PROBLEM TO WORK ON >> Look through the data below and report how many lines include "open". Only the number should be given.

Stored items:
++++++++++

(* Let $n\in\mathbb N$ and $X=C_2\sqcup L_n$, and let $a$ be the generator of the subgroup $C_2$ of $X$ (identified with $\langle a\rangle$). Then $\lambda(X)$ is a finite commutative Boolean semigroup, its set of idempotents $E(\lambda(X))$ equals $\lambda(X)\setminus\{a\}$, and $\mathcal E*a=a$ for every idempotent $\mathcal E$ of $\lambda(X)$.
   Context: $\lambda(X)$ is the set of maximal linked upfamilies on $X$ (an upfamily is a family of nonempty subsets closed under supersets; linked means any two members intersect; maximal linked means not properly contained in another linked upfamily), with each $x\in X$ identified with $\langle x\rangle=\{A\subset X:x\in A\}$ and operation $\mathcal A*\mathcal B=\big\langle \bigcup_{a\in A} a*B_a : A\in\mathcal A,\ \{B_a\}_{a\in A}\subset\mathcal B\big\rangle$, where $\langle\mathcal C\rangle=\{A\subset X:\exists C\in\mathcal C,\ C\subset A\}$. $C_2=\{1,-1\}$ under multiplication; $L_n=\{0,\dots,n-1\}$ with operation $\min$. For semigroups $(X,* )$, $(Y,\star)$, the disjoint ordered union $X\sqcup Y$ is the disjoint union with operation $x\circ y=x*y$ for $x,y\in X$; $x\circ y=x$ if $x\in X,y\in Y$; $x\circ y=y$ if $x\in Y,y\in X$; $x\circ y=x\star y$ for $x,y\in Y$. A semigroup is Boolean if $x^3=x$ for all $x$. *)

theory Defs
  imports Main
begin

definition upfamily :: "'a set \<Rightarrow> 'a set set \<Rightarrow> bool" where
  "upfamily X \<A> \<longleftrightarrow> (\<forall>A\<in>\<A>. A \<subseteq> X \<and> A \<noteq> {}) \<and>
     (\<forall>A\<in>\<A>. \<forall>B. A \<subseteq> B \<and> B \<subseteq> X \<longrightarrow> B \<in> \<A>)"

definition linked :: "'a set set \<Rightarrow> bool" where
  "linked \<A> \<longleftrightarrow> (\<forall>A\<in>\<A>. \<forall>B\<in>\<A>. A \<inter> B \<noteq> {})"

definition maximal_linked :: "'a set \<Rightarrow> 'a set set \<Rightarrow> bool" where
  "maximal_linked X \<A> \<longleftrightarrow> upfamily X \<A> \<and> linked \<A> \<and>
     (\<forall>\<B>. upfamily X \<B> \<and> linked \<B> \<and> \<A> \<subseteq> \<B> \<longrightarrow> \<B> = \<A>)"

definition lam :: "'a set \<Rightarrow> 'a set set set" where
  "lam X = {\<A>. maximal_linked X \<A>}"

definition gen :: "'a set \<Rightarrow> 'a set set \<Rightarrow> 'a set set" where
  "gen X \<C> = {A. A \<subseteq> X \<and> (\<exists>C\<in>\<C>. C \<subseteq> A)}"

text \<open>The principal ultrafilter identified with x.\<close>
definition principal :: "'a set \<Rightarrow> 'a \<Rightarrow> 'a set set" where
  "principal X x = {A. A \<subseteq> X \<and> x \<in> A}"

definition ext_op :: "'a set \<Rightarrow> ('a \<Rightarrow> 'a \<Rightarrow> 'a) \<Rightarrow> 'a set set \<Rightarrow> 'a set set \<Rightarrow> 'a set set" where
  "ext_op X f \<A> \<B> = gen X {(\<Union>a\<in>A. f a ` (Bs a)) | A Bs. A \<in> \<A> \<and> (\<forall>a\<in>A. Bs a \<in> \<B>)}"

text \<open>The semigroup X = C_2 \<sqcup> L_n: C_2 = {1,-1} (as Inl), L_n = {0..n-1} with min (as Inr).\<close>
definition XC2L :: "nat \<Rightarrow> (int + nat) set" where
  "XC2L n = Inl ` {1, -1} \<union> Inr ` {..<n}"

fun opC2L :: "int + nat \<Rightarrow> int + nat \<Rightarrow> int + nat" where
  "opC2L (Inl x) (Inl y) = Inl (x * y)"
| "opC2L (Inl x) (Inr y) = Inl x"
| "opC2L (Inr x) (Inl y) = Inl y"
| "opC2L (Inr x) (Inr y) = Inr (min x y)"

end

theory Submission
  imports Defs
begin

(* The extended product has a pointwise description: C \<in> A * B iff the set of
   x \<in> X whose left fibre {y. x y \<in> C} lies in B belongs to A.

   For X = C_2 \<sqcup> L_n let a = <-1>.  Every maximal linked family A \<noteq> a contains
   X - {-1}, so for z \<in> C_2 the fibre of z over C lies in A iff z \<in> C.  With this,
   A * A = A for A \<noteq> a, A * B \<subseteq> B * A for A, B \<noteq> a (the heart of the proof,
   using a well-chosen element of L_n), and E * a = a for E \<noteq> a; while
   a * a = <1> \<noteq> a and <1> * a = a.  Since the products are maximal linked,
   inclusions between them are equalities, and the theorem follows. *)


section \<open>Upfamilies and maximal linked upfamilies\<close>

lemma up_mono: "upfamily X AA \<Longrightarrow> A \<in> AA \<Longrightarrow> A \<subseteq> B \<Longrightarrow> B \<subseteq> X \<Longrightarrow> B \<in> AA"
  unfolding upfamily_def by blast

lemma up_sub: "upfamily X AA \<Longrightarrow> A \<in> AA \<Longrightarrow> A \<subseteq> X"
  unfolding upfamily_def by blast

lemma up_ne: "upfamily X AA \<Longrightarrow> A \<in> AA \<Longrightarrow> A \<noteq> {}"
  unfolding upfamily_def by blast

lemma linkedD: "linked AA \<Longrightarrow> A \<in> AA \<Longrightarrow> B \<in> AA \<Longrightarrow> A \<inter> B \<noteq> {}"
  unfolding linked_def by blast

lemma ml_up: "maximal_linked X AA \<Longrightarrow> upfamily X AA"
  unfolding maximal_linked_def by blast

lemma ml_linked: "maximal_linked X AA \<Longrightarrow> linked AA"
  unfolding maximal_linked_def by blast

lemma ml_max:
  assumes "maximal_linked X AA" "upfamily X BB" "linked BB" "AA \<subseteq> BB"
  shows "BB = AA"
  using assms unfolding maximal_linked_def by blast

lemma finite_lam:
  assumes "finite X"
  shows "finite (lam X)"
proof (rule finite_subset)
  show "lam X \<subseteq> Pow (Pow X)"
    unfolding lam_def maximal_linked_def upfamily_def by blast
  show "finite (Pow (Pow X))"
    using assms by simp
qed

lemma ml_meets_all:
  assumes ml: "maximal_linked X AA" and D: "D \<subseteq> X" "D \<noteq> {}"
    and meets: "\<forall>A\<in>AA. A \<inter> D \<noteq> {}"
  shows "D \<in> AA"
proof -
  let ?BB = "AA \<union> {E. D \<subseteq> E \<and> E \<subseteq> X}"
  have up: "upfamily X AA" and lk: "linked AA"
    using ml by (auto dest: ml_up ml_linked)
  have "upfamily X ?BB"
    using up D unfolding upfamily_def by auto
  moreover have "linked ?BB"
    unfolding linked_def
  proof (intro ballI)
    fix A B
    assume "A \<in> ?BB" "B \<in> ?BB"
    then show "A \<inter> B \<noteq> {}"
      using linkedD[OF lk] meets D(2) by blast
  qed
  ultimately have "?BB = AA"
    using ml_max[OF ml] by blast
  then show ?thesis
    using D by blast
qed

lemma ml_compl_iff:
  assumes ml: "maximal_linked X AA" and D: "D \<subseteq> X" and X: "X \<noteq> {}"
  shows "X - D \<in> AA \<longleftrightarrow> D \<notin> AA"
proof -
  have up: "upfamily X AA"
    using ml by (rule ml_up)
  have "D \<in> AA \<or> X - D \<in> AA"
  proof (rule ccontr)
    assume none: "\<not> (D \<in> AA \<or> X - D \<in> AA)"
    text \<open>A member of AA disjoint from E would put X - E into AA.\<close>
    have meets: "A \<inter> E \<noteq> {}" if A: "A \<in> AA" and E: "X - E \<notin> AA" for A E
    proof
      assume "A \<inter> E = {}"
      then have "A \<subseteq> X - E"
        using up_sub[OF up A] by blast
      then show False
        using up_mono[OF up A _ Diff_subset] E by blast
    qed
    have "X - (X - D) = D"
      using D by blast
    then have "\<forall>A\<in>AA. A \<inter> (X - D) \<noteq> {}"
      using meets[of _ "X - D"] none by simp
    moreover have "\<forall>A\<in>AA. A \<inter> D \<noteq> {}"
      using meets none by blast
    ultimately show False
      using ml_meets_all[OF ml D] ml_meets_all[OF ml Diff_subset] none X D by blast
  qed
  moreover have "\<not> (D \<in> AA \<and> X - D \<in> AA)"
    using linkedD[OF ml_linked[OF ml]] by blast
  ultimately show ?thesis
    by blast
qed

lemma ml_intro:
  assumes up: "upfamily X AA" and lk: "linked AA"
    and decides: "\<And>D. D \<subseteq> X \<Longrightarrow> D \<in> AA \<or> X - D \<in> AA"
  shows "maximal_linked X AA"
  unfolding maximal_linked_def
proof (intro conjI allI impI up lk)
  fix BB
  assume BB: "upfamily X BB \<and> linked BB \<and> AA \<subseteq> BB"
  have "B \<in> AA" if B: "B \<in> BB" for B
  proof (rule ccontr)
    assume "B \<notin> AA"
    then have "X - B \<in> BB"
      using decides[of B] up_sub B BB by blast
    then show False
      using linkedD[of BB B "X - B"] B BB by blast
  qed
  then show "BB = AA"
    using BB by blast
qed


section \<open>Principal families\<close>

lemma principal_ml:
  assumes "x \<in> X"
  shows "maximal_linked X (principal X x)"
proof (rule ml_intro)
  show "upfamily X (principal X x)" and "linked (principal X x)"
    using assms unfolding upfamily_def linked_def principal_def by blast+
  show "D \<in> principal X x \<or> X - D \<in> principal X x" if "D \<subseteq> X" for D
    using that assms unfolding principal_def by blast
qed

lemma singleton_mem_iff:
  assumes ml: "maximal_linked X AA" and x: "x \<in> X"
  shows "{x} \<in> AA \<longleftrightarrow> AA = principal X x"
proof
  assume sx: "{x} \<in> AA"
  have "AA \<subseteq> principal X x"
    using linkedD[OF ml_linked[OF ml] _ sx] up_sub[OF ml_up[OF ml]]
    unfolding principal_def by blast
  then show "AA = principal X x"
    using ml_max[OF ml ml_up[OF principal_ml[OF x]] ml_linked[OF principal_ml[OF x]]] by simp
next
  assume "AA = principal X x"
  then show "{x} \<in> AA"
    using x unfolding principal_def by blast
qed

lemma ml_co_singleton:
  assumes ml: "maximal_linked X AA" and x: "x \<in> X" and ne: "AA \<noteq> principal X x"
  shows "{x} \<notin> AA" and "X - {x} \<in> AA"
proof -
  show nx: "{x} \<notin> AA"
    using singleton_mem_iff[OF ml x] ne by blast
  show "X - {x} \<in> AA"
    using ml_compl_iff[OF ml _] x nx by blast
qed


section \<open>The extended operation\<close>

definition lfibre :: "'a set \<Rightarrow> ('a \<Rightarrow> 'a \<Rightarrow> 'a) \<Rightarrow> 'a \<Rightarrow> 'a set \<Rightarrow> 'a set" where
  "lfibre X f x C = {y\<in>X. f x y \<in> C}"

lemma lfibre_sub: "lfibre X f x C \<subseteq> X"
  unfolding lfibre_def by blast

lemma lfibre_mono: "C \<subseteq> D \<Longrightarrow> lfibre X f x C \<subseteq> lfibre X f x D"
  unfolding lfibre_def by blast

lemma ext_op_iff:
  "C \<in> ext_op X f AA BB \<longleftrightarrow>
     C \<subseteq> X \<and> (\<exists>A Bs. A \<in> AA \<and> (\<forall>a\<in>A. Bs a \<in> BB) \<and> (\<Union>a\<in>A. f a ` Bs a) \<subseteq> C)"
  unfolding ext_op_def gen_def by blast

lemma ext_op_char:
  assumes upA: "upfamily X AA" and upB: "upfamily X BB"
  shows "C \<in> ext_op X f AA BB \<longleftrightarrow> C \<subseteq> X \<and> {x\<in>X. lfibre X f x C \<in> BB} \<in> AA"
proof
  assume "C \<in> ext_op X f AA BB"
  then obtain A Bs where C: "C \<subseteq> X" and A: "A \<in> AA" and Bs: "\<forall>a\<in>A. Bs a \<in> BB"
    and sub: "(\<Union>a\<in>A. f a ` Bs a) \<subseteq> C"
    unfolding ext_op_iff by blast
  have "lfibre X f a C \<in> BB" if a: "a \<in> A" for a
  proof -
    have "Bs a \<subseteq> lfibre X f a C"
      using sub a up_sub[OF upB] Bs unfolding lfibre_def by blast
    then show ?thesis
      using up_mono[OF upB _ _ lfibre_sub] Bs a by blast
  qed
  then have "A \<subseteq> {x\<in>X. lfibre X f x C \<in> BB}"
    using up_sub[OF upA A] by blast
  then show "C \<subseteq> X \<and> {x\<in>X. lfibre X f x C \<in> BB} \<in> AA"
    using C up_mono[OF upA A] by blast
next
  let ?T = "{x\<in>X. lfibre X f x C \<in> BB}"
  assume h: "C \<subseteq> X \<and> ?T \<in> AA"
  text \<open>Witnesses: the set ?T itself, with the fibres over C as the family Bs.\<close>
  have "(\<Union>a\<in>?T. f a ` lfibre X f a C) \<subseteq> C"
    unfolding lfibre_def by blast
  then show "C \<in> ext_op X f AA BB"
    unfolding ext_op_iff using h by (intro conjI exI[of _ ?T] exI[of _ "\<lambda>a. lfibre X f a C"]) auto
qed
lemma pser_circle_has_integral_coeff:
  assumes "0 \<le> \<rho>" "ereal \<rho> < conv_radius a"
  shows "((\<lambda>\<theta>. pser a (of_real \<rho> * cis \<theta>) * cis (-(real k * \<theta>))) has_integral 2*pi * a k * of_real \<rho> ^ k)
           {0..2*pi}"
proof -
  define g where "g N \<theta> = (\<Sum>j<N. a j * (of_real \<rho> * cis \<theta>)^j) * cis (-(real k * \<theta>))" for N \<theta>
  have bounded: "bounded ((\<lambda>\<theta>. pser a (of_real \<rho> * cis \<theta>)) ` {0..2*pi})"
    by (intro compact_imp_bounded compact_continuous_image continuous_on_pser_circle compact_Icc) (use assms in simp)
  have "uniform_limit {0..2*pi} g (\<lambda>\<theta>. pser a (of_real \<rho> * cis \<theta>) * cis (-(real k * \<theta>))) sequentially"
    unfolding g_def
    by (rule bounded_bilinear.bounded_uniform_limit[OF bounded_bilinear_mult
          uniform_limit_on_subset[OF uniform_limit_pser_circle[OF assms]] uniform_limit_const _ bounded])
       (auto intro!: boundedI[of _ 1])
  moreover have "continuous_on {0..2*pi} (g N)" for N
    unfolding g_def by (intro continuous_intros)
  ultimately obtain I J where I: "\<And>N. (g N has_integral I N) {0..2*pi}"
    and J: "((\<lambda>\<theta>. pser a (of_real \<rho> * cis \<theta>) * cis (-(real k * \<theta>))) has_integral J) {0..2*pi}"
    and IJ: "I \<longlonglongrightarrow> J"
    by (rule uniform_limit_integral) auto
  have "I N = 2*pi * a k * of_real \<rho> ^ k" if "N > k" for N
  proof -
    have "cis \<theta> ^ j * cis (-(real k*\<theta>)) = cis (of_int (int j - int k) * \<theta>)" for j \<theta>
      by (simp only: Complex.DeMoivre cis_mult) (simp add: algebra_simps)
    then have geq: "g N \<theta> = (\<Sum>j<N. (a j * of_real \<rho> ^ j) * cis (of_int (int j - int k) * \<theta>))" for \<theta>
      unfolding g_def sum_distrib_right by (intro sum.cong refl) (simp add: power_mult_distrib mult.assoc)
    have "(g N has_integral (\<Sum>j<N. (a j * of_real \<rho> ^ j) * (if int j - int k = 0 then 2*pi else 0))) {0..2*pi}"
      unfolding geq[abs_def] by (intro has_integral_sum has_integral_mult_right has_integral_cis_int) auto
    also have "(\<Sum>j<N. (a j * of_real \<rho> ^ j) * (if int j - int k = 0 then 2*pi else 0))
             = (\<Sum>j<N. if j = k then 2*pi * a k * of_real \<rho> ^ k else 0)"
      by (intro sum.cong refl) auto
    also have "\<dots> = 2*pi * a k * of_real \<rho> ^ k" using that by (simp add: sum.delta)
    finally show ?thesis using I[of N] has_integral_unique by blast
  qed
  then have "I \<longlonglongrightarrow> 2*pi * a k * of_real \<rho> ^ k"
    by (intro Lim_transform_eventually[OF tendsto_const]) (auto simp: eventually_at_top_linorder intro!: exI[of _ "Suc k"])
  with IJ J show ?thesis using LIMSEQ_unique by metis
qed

++++++++++

EXPECTED ANSWER >> 7